* _WHAT IS EXPECTED_
What is needed here is an exact repetition of the records below, beginning at the line that has "proof (induction k" and stopping after the line that has "qed (simp_all add: elem_poly_def".

DATA SUPPLIED below:

text \<open>Schur function of the rectangular partition (n^m) (m parts equal to n) at
  t = (x, 1/6, 0, ...): the m x m determinant det(p_{lambda_i - i + j}); empty det = 1.\<close>
definition schur_rect :: "nat \<Rightarrow> nat \<Rightarrow> real \<Rightarrow> real" where
  "schur_rect m n x = det (mat m m (\<lambda>(i, j). p_elem (int n - int i + int j) x))"

definition u_fun :: "nat \<Rightarrow> nat \<Rightarrow> real \<Rightarrow> real" where
  "u_fun m n x = exp (- (x ^ 4) / 12 + (real m - real n) / 2 * x ^ 2) * schur_rect m n x"

text \<open>(D_x^2 - x D_x + c) F . G evaluated at x.\<close>
definition hirota_op :: "real \<Rightarrow> (real \<Rightarrow> real) \<Rightarrow> (real \<Rightarrow> real) \<Rightarrow> real \<Rightarrow> real" where
  "hirota_op c F G x =
     deriv (deriv F) x * G x - 2 * deriv F x * deriv G x + F x * deriv (deriv G) x
     - x * (deriv F x * G x - F x * deriv G x) + c * F x * G x"

end

theory Submission
  imports Defs
begin

text \<open>
  The polynomials p_k(x) = p_k(x, 1/6, 0, ...) satisfy p_k' = p_(k-1) and
  p_(k-2) = 3 (k p_k - x p_(k-1)). Differentiating the determinant s = det (p_(c-i+j)) therefore
  shifts one row, and shifting every row by two is the first-order operator 3 (N c - x d/dx).
  Once the exponential gauge factors are removed, each Hirota equation is a bilinear identity in
  which s'' - 3 (N c s - x s') and s'' + 3 (N c s - x s') are twice the determinants with the
  last two rows, resp. the last row, shifted further. The identity thus becomes the three-term
  Pluecker relation between determinants that share all but two rows, a consequence of Cramer's
  rule.
\<close>

section \<open>Elementary Schur polynomials\<close>

definition elem_fps :: "real \<Rightarrow> real fps" where
  "elem_fps x = fps_exp x * (fps_exp (1/6) oo fps_X ^ 2)"

lemma fps_deriv_elem_fps:
  "fps_deriv (elem_fps x) = fps_const x * elem_fps x + fps_const (1/3) * fps_X * elem_fps x"
proof -
  have X2: "fps_nth (fps_X ^ 2 :: real fps) 0 = 0" by simp
  have "fps_deriv (fps_exp (1/6) oo fps_X ^ 2 :: real fps)
      = fps_const (1/3) * fps_X * (fps_exp (1/6) oo fps_X ^ 2)"
    by (simp add: fps_compose_deriv[OF X2] fps_compose_mult_distrib[OF X2] fps_const_compose
        fps_deriv_power numeral_fps_const)
  then show ?thesis by (simp add: elem_fps_def algebra_simps)
qed

lemma elem_fps_nth_0: "fps_nth (elem_fps x) 0 = 1"
  by (simp add: elem_fps_def)

lemma elem_fps_nth_1: "fps_nth (elem_fps x) 1 = x"
  using arg_cong[OF fps_deriv_elem_fps, of "\<lambda>f. fps_nth f 0"] by (simp add: elem_fps_nth_0)

lemma elem_fps_nth_recurrence:
  "(real k + 2) * fps_nth (elem_fps x) (k + 2) = x * fps_nth (elem_fps x) (k + 1) + fps_nth (elem_fps x) k / 3"
  using arg_cong[OF fps_deriv_elem_fps, of "\<lambda>f. fps_nth f (Suc k)"] by (simp add: algebra_simps)

fun elem_poly_nat :: "nat \<Rightarrow> real poly" where
  "elem_poly_nat 0 = 1"
| "elem_poly_nat (Suc 0) = [:0, 1:]"
| "elem_poly_nat (Suc (Suc k)) =
     smult (1 / (real k + 2)) ([:0, 1:] * elem_poly_nat (Suc k) + smult (1/3) (elem_poly_nat k))"

definition elem_poly :: "int \<Rightarrow> real poly" where
  "elem_poly k = (if k < 0 then 0 else elem_poly_nat (nat k))"

lemma poly_elem_poly_nat: "poly (elem_poly_nat k) x = fps_nth (elem_fps x) k"
proof (induction k rule: elem_poly_nat.induct)
  case (3 k)
  then show ?case
    using elem_fps_nth_recurrence[of k x] by (simp add: field_simps)
qed (simp_all add: elem_fps_nth_0 elem_fps_nth_1[simplified])

lemma poly_elem_poly: "poly (elem_poly k) x = p_elem k x"
  by (simp add: elem_poly_def p_elem_def poly_elem_poly_nat elem_fps_def)

lemma elem_poly_recurrence:
  "smult (of_int (k + 1)) (elem_poly (k + 1)) = [:0, 1:] * elem_poly k + smult (1/3) (elem_poly (k - 1))"
proof (cases "k < 1")
  case True
  then consider "k < -1" | "k = -1" | "k = 0" by linarith
  then show ?thesis by cases (simp_all add: elem_poly_def)
next
  case False
  then obtain j where k: "k = int j + 1" by (metis add.commute nonneg_int_cases not_less zle_iff_zadd)
  have "elem_poly (k + 1) = elem_poly_nat (Suc (Suc j))" "elem_poly k = elem_poly_nat (Suc j)"
    "elem_poly (k - 1) = elem_poly_nat j" "of_int (k + 1) = real j + 2"
    unfolding k by (simp_all add: elem_poly_def nat_add_distrib)
  then show ?thesis by (simp add: add.commute)
qed

lemma pderiv_elem_poly: "pderiv (elem_poly k) = elem_poly (k - 1)"
proof -
  have nonneg: "pderiv (elem_poly (int j)) = elem_poly (int j - 1)" for j
  proof (induction j rule: elem_poly_nat.induct)
    case (3 j)
    have "elem_poly (int (Suc (Suc j)))
        = smult (1 / (real j + 2)) ([:0, 1:] * elem_poly (int j + 1) + smult (1/3) (elem_poly (int j)))"
      by (simp add: elem_poly_def nat_add_distrib)
    then have "pderiv (elem_poly (int (Suc (Suc j))))
        = smult (1 / (real j + 2)) (elem_poly (int j + 1)
            + ([:0, 1:] * elem_poly (int j) + smult (1/3) (elem_poly (int j - 1))))"
      using 3 by (simp add: pderiv_mult pderiv_smult pderiv_add pderiv_pCons algebra_simps)
    also have "\<dots> = smult (1 / (real j + 2)) (smult (real j + 2) (elem_poly (int j + 1)))"
      unfolding elem_poly_recurrence[of "int j", symmetric]
      by (simp add: smult_add_left algebra_simps numeral_mult_conv_smult)
    also have "\<dots> = elem_poly (int (Suc j))" by (simp add: add.commute)
    finally show ?case by simp
  qed (simp_all add: elem_poly_def pderiv_pCons)
  show ?thesis
  proof (cases "k < 0")
    case False
    then obtain j where "k = int j" by (metis nonneg_int_cases not_less)
    then show ?thesis using nonneg by simp
  qed (simp add: elem_poly_def)
qed
lemma tangency_value_less_neg_sqrt:
  assumes "a > 0" "b > 0" "d > 0" "t > 0" "tangency_poly a b d t = 0"
  shows "equilibrium_param a b d t < - sqrt (3*b*d)"
proof -
  define X where "X = - equilibrium_param a b d t"
  have "3*t*X = a*t^3 + 2*b*t^2 + 4*d"
    unfolding X_def using equilibrium_param_at_tangency(2)[OF assms(4,5)] by simp
  moreover have "a*t^3 > 0" using assms by simp
  ultimately have ge: "3*t*X \<ge> 2*b*t^2 + 4*d" by linarith
  have pos: "2*b*t^2 + 4*d > 0" using assms by (intro add_pos_pos) auto
  \<comment> \<open>AM-GM: \<open>(2bt\<^sup>2 + 4d)\<^sup>2 \<ge> 32bdt\<^sup>2 > 27bdt\<^sup>2\<close>\<close>
  have "9*t^2*X^2 \<ge> (2*b*t^2 + 4*d)^2"
    using power_mono[OF ge, of 2] pos by (simp add: power_mult_distrib)
  moreover have "(2*b*t^2 + 4*d)^2 = 32*b*d*t^2 + (2*b*t^2 - 4*d)^2"
    by (simp add: algebra_simps power2_eq_square)
  moreover have "(2*b*t^2 - 4*d)^2 \<ge> 0" by simp
  ultimately have "9*t^2*X^2 \<ge> 32*b*d*t^2" by linarith
  moreover have "b*d*t^2 > 0" using assms by simp
  ultimately have "27*(b*d*t^2) < 9*(t^2*X^2)" by linarith
  then have "t^2 * (3*b*d) < t^2 * X^2" by (simp add: algebra_simps)
  then have "sqrt (3*b*d) < sqrt (X^2)" using assms by (intro real_sqrt_less_mono) simp
  moreover have "X > 0" using ge pos assms by (smt (verit) zero_less_mult_iff)
  ultimately show ?thesis unfolding X_def by simp
qed

lemma Qf_negative_root_param:
  fixes a b d cminus :: real
  assumes "a > 0" "b > 0" "d > 0" "cminus < 0" "Qf a b d cminus = 0"
  obtains x0 where "x0 > 0" "d = 2*a*x0^3 + b*x0^2" "cminus = -3*a*x0^2 - 2*b*x0"
proof -
  define f where "f x = 2*a*x^3 + b*x^2 - d" for x
  define B where "B = 1 + d/b"
  have B: "B \<ge> 1" "b*B = b + d" unfolding B_def using assms by (simp_all add: field_simps)
  moreover have "b*B^2 \<ge> b*B"
    using B(1) assms mult_left_mono[of B "B*B" b] by (simp add: power2_eq_square)
  moreover have "2*a*B^3 \<ge> 0" using assms B by simp
  ultimately have "f B \<ge> 0" unfolding f_def using assms by linarith
  moreover have "continuous_on {0..B} f" unfolding f_def by (auto intro!: continuous_intros)
  ultimately obtain x0 where x0: "0 \<le> x0" "f x0 = 0"
    using IVT'[of f 0 0 B] B assms unfolding f_def by force
  with assms have "x0 > 0" unfolding f_def by (auto simp: order_le_less)
  moreover have d: "d = 2*a*x0^3 + b*x0^2" using x0 unfolding f_def by simp
  moreover have "cminus = -3*a*x0^2 - 2*b*x0"
  proof (rule Qf_negative_root_unique[OF assms(1-4) _ assms(5)])
    have "a*x0^2 > 0" "b*x0 > 0" using assms \<open>x0 > 0\<close> by auto
    then show "-3*a*x0^2 - 2*b*x0 < 0" by linarith
    show "Qf a b d (-3*a*x0^2 - 2*b*x0) = 0" unfolding Qf_def d by algebra
  qed
  ultimately show ?thesis by (rule that)
qed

End of DATA SUPPLIED.

* _YOUR SOLUTION_
proof (induction k rule: elem_poly_nat.induct)
  case (3 k)
  then show ?case
    using elem_fps_nth_recurrence[of k x] by (simp add: field_simps)
qed (simp_all add: elem_fps_nth_0 elem_fps_nth_1[simplified])

lemma poly_elem_poly: "poly (elem_poly k) x = p_elem k x"
  by (simp add: elem_poly_def p_elem_def poly_elem_poly_nat elem_fps_def)

lemma elem_poly_recurrence:
  "smult (of_int (k + 1)) (elem_poly (k + 1)) = [:0, 1:] * elem_poly k + smult (1/3) (elem_poly (k - 1))"
proof (cases "k < 1")
  case True
  then consider "k < -1" | "k = -1" | "k = 0" by linarith
  then show ?thesis by cases (simp_all add: elem_poly_def)
next
  case False
  then obtain j where k: "k = int j + 1" by (metis add.commute nonneg_int_cases not_less zle_iff_zadd)
  have "elem_poly (k + 1) = elem_poly_nat (Suc (Suc j))" "elem_poly k = elem_poly_nat (Suc j)"
    "elem_poly (k - 1) = elem_poly_nat j" "of_int (k + 1) = real j + 2"
    unfolding k by (simp_all add: elem_poly_def nat_add_distrib)
  then show ?thesis by (simp add: add.commute)
qed

lemma pderiv_elem_poly: "pderiv (elem_poly k) = elem_poly (k - 1)"
proof -
  have nonneg: "pderiv (elem_poly (int j)) = elem_poly (int j - 1)" for j
  proof (induction j rule: elem_poly_nat.induct)
    case (3 j)
    have "elem_poly (int (Suc (Suc j)))
        = smult (1 / (real j + 2)) ([:0, 1:] * elem_poly (int j + 1) + smult (1/3) (elem_poly (int j)))"
      by (simp add: elem_poly_def nat_add_distrib)
    then have "pderiv (elem_poly (int (Suc (Suc j))))
        = smult (1 / (real j + 2)) (elem_poly (int j + 1)
            + ([:0, 1:] * elem_poly (int j) + smult (1/3) (elem_poly (int j - 1))))"
      using 3 by (simp add: pderiv_mult pderiv_smult pderiv_add pderiv_pCons algebra_simps)
    also have "\<dots> = smult (1 / (real j + 2)) (smult (real j + 2) (elem_poly (int j + 1)))"
      unfolding elem_poly_recurrence[of "int j", symmetric]
      by (simp add: smult_add_left algebra_simps numeral_mult_conv_smult)
    also have "\<dots> = elem_poly (int (Suc j))" by (simp add: add.commute)
    finally show ?case by simp
  qed (simp_all add: elem_poly_def pderiv_pCons)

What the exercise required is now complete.